Ensure all planned internal and external Preventive Maintenance (PM) activities completed timely.
Update equipment critical spare part list and set minimum re-order levels in MRO CMMS system in optimized level.
Corrective Maintenance
Ensure resolution and timely follow-up of identified production equipment and facility related equipment issues, unplanned events, and new opportunities identified by Maintenance team.
Provide technical expertise and support the Maintenance Technicians for equipment breakdown, troubleshooting and recovery to ensure the timely and effective resolution of issues.
Ensure equipment breakdowns are resolved in a timely manner and update the Preventive Maintenance Plan.
Apply effective root cause analysis and troubleshooting techniques to support the resolution of equipment-related incident and deviation/atypical investigation.
Compliance – Safety
Participate in and support the implementation of actions for Incident Investigations and Audits.
Risk Assessment owner for area of equipment as SME.
Ensure required risk assessments, including HAZOPS, are carried out in a timely manner, recommendations provided, and implemented as agreed.
Ensure permit requirements met IPT maintenance activities.
Proactively review and challenge current activities to reduce safety risk for employees and quality risks for company’s products.
Compliance – Quality & Change control
Develop SOPs and Job Aids to ensure compliance with regulatory standards and ensure PM related documents are generated and maintained according to required standards and frequency.
Ensure all QN deviations/atypical are fully investigated with any equipment related actions effectively implemented within the agreed time frame to continually improve processes, prevent waste, and eliminate rework.
Ensure all out-of-tolerance equipment findings are appropriately documented and investigated in a timely manner.
Support implementation of Equipment change by participating in impact assessments and executing field equipment modifications, including management of project schedules, resource plans, vendor coordination, and material purchases.

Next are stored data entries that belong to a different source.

text \<open>The conditional variance of terminal wealth: shifting by the constant target \<open>W\<close> changes neither
  the conditioning \<open>\<sigma>\<close>-algebra nor the conditional variance.\<close>
lemma conditional_variance:
  "AE \<omega> in M. cond_var M (vimage_algebra (space M) (X t) borel) (X T) \<omega>
     = ((bp t - (ap t)\<^sup>2) * (if 0 \<le> Y t \<omega> then 1 else 0)
        + (bm t - (am t)\<^sup>2) * (if Y t \<omega> < 0 then 1 else 0)) * (Y t \<omega>)\<^sup>2"
proof -
  interpret S: finite_measure_subalgebra M sigma_Yt by (rule sigma_Yt_subalgebra)
  have sigma_X: "vimage_algebra (space M) (X t) borel = sigma_Yt"
    using vimage_algebra_add_const[of "space M" "Y t" "W / \<rho> t"] by (simp add: Y_def)
  have XT: "X T = (\<lambda>\<omega>. Y T \<omega> + W)"
    by (simp add: Y_def rho_def fun_eq_iff)
  have "AE \<omega> in M. cond_var M sigma_Yt (\<lambda>\<omega>. Y T \<omega> + W) \<omega> = cond_var M sigma_Yt (Y T) \<omega>"
    by (rule S.cond_var_add_const[OF terminal_deviation_integrable(2,1)])
  with conditional_mean conditional_second_moment show ?thesis
    unfolding sigma_X XT
    by eventually_elim (simp add: cond_var_def csecond_minus_cmean_sq[symmetric])
qed

end
text \<open>A net belongs to the generalized constants iff it is moderate.\<close>
definition moderate_net :: "(real \<Rightarrow> 'b::real_normed_field) \<Rightarrow> bool" where
  "moderate_net r \<longleftrightarrow> (\<exists>a::real. r \<in> O[at_right 0](\<lambda>\<epsilon>. of_real (\<epsilon> powr a)))"

end

theory Submission
  imports Defs
begin

text \<open>For each \<open>\<epsilon>\<close> the coefficients \<open>sup b\<^sub>i\<close>, \<open>inf b\<^sub>i\<close> of the two comparison polynomials
  are bounded in absolute value by a moderate net \<open>B\<close>; the coefficient of the lowest power is
  \<open>\<le> -c\<^sub>3 = -C\<^sub>3 \<epsilon>\<^sup>a\<^sup>3\<close> and that of the highest power is \<open>\<ge> c\<^sub>4 = C\<^sub>4 \<epsilon>\<^sup>a\<^sup>4\<close>. Hence both polynomials
  are negative on \<open>(0, \<delta>]\<close> and positive on \<open>[y\<^sub>0, \<infinity>)\<close> for \<open>\<delta> = c\<^sub>3 / (K B + c\<^sub>3)\<close> and
  \<open>y\<^sub>0 = 1 + K B / c\<^sub>4\<close>, so \<open>\<alpha>'\<close> and \<open>\<beta>'\<close> lie in \<open>[\<delta>, y\<^sub>0]\<close>. With \<open>C\<^sub>5 \<epsilon>\<^sup>a\<^sup>5 \<le> \<rho> \<le> R\<close> on the
  boundary this traps \<open>\<alpha>\<close> and \<open>\<beta>\<close> between \<open>min \<delta> c\<^sub>5\<close> and \<open>y\<^sub>0 + R\<close>, and the nets \<open>y\<^sub>0\<close>,
  \<open>1 / \<delta> = 1 + K B / c\<^sub>3\<close>, \<open>1 / c\<^sub>5\<close> are built from moderate nets by sums and products.\<close>

lemma eventually_at_right_0_in_unit_interval:
  "\<forall>\<^sub>F \<epsilon> in at_right (0::real). 0 < \<epsilon> \<and> \<epsilon> < 1"
  unfolding eventually_at_right_field by (intro exI[of _ 1]) auto

lemma moderate_net_iff_eventually_le:
  "moderate_net f \<longleftrightarrow> (\<exists>M a. \<forall>\<^sub>F \<epsilon> in at_right 0. norm (f \<epsilon>) \<le> M * \<epsilon> powr a)"
proof
  assume "moderate_net f"
  then obtain a c where "\<forall>\<^sub>F \<epsilon> in at_right 0. norm (f \<epsilon>) \<le> c * norm (of_real (\<epsilon> powr a) :: 'a)"
    unfolding moderate_net_def bigo_def by blast
  then show "\<exists>M a. \<forall>\<^sub>F \<epsilon> in at_right 0. norm (f \<epsilon>) \<le> M * \<epsilon> powr a"
    by (intro exI[of _ c] exI[of _ a]) (auto elim: eventually_mono)
next
  assume "\<exists>M a. \<forall>\<^sub>F \<epsilon> in at_right 0. norm (f \<epsilon>) \<le> M * \<epsilon> powr a"
  then obtain M a where "\<forall>\<^sub>F \<epsilon> in at_right 0. norm (f \<epsilon>) \<le> M * \<epsilon> powr a" by blast
  then have "f \<in> O[at_right 0](\<lambda>\<epsilon>. of_real (\<epsilon> powr a))"
    by (intro bigoI[where c=M]) (auto elim: eventually_mono)
  then show "moderate_net f" unfolding moderate_net_def by blast
qed

lemma moderate_netE:
  assumes "moderate_net f"
  obtains M a where "M \<ge> 0" "\<forall>\<^sub>F \<epsilon> in at_right 0. norm (f \<epsilon>) \<le> M * \<epsilon> powr a"
proof -
  obtain M a where "\<forall>\<^sub>F \<epsilon> in at_right 0. norm (f \<epsilon>) \<le> M * \<epsilon> powr a"
    using assms unfolding moderate_net_iff_eventually_le by blast
  then have "\<forall>\<^sub>F \<epsilon> in at_right 0. norm (f \<epsilon>) \<le> \<bar>M\<bar> * \<epsilon> powr a"
    by eventually_elim (erule order.trans, intro mult_right_mono, auto)
  then show thesis by (rule that[OF abs_ge_zero])
qed
lemma pos_def_matrix_inv:
  fixes A :: "real^'n^'n"
  assumes A: "pos_def A"
  shows "pos_def (matrix_inv A)"
  unfolding pos_def_def
proof (intro conjI allI impI)
  note inv = matrix_inv_cancel[OF pos_def_invertible[OF A]]
  have "A ** transpose (matrix_inv A) = mat 1"
    using A inv(2) by (metis matrix_transpose_mul pos_def_def sym_mat_def transpose_mat)
  then show "sym_mat (matrix_inv A)"
    unfolding sym_mat_def using matrix_inv_unique pos_def_invertible[OF A] by metis
  fix x :: "real^'n" assume "x \<noteq> 0"
  define y where "y = matrix_inv A *v x"
  have x: "x = A *v y" unfolding y_def by (simp add: matrix_vector_mul_assoc inv)
  then have "y \<noteq> 0" using \<open>x \<noteq> 0\<close> by auto
  then have "0 < (A *v y) \<bullet> y"
    using pos_def_pos[OF A] by (simp add: inner_commute)
  then show "0 < x \<bullet> (matrix_inv A *v x)"
    unfolding y_def[symmetric] using x by (simp add: inner_commute)
qed

lemma pos_def_congruence:
  fixes J :: "real^'n^'m" and H :: "real^'m^'m"
  assumes H: "pos_def H" and J: "inj ((*v) J)"
  shows "pos_def (transpose J ** H ** J)"
  unfolding pos_def_def
proof (intro conjI allI impI)
  show "sym_mat (transpose J ** H ** J)"
    using H by (simp add: sym_mat_def pos_def_def matrix_transpose_mul matrix_mul_assoc)
  fix x :: "real^'n" assume "x \<noteq> 0"
  then have "J *v x \<noteq> 0" using J by (metis injD matrix_vector_mult_0_right)
  then have "0 < (J *v x) \<bullet> (H *v (J *v x))" by (rule pos_def_pos[OF H])
  then show "0 < x \<bullet> ((transpose J ** H ** J) *v x)"
    by (simp add: inner_transpose del: transpose_matrix_vector flip: matrix_vector_mul_assoc)
qed

lemma orthonormal_basis_diagonal_pos_def:
  fixes B :: "(real^'n) set"
  assumes B: "orthonormal_basis B" and r_pos: "\<And>b. b \<in> B \<Longrightarrow> 0 < r b"
  obtains S where "pos_def S" and "\<And>x b. b \<in> B \<Longrightarrow> (S *v x) \<bullet> b = r b * (x \<bullet> b)"
proof -
  define f where "f x = (\<Sum>b\<in>B. (r b * (x \<bullet> b)) *\<^sub>R b)" for x
  have "linear f"
    unfolding f_def by (simp add: linear_iff inner_add_left sum.distrib scaleR_sum_right algebra_simps)
  define S where "S = matrix f"
  have S: "S *v x = f x" for x
    unfolding S_def using matrix_vector_mul(2)[OF \<open>linear f\<close>] by metis
  have quad: "f x \<bullet> y = (\<Sum>b\<in>B. r b * (x \<bullet> b) * (y \<bullet> b))" for x y
    unfolding f_def inner_sum_left by (intro sum.cong refl) (simp add: inner_commute)
  have "pos_def S"
    unfolding pos_def_def sym_mat_iff_self_adjoint S
  proof (intro conjI allI impI)
    show "f x \<bullet> y = x \<bullet> f y" for x y
      unfolding quad inner_commute[of x] by (simp add: algebra_simps)
    fix x :: "real^'n" assume "x \<noteq> 0"
    then obtain c where c: "c \<in> B" "x \<bullet> c \<noteq> 0" using orthonormal_basis_nonzero_coeff[OF B] by blast
    have "0 < (\<Sum>b\<in>B. r b * (x \<bullet> b) * (x \<bullet> b))"
    proof (rule sum_pos2)
      show "finite B" using B unfolding orthonormal_basis_def by blast
      show "0 < r c * (x \<bullet> c) * (x \<bullet> c)"
        using r_pos[OF c(1)] c(2) by (metis mult.assoc mult_pos_pos not_real_square_gt_zero)
      show "0 \<le> r b * (x \<bullet> b) * (x \<bullet> b)" if "b \<in> B" for b
        using r_pos[OF that] by (simp add: mult.assoc)
    qed fact
    then show "0 < x \<bullet> f x" by (simp add: quad inner_commute[of x])
  qed
  moreover have "(S *v x) \<bullet> b = r b * (x \<bullet> b)" if "b \<in> B" for x b
    unfolding S f_def using orthonormal_basis_inner_sum[OF B that] .
  ultimately show ?thesis using that by blast
qed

Prepare and complete IQ, OQ documentation and ensure that documentation meets required quality standards.
Equipment Project Management and Reliability improvement
Support in RFC for CAPEX project and RBAM to improve equipment reliability.
Utilize Lean Six Sigma Tools, such as Six Sigma, Kaizen, SMED, and 5S, to support execution of continuous improvement and OE projects intended to increase agility, flow and throughput, and also to reduce cycle time and inventory.
Support development of a continuous improvement framework within the maintenance group and works with the Maintenance Lead to identify opportunities.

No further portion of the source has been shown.